:: WORK INSTRUCTIONS ::
Reproduce the section of the listing that begins at the line containing "unfolding spectral_proj_def by (rule poly_op_bounded[OF" and finishes at the line containing "using finite_index l". Include both end lines and nothing beyond them.

:: MATERIAL FOR THE TASK ::
────────────────────
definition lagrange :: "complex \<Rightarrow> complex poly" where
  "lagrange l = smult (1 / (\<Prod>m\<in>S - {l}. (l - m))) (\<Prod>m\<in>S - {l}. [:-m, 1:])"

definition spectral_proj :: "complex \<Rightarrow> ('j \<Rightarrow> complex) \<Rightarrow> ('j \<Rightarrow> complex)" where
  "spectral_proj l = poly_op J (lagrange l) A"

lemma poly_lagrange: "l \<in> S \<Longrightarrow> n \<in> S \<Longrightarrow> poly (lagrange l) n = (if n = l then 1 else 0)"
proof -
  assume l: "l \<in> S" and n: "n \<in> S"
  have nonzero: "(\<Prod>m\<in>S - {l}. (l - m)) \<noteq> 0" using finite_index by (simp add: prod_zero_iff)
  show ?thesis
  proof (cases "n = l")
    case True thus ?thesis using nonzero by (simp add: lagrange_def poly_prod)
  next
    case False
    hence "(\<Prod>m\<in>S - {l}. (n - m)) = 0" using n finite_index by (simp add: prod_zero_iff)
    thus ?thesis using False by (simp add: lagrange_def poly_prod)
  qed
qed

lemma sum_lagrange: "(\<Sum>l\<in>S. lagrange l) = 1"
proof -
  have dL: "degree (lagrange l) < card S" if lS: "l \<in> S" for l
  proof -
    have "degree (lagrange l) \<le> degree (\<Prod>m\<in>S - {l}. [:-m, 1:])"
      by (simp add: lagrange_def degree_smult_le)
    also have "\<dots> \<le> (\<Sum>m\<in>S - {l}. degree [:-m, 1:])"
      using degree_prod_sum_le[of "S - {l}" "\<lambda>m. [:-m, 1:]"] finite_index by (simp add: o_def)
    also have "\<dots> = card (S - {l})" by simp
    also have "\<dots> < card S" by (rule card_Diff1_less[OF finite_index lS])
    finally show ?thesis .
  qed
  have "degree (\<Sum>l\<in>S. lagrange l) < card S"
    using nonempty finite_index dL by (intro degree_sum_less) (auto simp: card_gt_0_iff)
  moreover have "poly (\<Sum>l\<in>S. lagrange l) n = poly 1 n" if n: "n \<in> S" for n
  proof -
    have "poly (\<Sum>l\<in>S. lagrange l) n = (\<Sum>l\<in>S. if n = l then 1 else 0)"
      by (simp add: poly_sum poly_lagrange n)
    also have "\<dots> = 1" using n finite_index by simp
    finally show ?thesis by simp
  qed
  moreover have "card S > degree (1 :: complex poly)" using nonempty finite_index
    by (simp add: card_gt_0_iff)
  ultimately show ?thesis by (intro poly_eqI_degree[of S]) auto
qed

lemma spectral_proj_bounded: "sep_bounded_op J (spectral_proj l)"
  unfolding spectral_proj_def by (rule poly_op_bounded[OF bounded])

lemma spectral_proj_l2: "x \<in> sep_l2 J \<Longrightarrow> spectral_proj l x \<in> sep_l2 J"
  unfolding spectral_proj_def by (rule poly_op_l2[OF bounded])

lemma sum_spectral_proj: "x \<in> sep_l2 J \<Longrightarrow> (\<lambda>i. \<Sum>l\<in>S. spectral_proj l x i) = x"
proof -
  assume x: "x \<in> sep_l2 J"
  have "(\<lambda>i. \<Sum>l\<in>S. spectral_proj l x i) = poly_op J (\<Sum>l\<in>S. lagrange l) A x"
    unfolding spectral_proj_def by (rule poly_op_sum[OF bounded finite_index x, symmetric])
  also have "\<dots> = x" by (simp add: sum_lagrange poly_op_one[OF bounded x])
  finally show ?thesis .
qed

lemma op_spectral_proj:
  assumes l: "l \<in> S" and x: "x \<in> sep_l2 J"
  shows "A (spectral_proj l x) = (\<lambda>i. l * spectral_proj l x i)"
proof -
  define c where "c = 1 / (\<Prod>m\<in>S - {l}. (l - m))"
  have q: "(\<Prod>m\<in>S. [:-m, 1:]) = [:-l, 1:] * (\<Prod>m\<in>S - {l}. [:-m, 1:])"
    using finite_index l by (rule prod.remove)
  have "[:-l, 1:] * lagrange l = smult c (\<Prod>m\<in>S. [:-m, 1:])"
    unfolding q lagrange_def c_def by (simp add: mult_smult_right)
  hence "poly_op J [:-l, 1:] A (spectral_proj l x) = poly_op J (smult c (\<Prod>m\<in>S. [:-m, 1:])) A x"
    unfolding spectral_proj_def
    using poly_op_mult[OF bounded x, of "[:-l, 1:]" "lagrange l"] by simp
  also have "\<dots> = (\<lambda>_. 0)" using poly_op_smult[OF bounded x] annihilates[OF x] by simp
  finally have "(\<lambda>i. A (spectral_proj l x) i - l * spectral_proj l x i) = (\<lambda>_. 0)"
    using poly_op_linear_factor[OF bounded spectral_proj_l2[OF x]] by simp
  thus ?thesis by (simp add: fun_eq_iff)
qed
────────────────────
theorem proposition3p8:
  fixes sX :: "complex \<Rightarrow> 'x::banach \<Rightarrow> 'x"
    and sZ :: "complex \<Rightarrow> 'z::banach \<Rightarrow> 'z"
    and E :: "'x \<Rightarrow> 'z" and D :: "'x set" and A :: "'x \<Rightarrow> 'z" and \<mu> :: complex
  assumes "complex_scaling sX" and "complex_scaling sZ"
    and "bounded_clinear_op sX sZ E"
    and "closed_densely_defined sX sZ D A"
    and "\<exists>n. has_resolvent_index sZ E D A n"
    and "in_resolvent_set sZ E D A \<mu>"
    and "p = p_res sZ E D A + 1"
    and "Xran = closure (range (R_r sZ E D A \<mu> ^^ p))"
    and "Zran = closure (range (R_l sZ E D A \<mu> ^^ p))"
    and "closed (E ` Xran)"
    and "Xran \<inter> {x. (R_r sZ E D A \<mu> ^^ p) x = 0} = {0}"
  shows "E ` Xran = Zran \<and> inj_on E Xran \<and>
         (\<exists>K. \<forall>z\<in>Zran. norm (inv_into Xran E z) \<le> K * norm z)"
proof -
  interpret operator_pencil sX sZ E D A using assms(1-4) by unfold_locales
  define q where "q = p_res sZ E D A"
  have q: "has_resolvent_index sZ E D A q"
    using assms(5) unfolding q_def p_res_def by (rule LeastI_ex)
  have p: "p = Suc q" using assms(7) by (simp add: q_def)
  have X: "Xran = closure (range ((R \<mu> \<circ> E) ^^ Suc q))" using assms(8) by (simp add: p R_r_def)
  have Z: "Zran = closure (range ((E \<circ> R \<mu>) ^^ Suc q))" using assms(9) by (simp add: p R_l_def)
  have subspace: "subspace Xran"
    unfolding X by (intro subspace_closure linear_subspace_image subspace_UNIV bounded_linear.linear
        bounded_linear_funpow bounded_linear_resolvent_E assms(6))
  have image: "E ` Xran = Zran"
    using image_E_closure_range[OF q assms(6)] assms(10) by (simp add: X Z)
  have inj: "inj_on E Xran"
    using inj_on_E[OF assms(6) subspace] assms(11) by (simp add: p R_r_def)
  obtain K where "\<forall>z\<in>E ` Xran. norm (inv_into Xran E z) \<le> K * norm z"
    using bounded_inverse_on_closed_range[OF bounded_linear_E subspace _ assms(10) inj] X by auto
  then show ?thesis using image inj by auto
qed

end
────────────────────
:: EXERCISE RESPONSE ::
  unfolding spectral_proj_def by (rule poly_op_bounded[OF bounded])

lemma spectral_proj_l2: "x \<in> sep_l2 J \<Longrightarrow> spectral_proj l x \<in> sep_l2 J"
  unfolding spectral_proj_def by (rule poly_op_l2[OF bounded])

lemma sum_spectral_proj: "x \<in> sep_l2 J \<Longrightarrow> (\<lambda>i. \<Sum>l\<in>S. spectral_proj l x i) = x"
proof -
  assume x: "x \<in> sep_l2 J"
  have "(\<lambda>i. \<Sum>l\<in>S. spectral_proj l x i) = poly_op J (\<Sum>l\<in>S. lagrange l) A x"
    unfolding spectral_proj_def by (rule poly_op_sum[OF bounded finite_index x, symmetric])
  also have "\<dots> = x" by (simp add: sum_lagrange poly_op_one[OF bounded x])
  finally show ?thesis .
qed

lemma op_spectral_proj:
  assumes l: "l \<in> S" and x: "x \<in> sep_l2 J"
  shows "A (spectral_proj l x) = (\<lambda>i. l * spectral_proj l x i)"
proof -
  define c where "c = 1 / (\<Prod>m\<in>S - {l}. (l - m))"
  have q: "(\<Prod>m\<in>S. [:-m, 1:]) = [:-l, 1:] * (\<Prod>m\<in>S - {l}. [:-m, 1:])"
    using finite_index l by (rule prod.remove)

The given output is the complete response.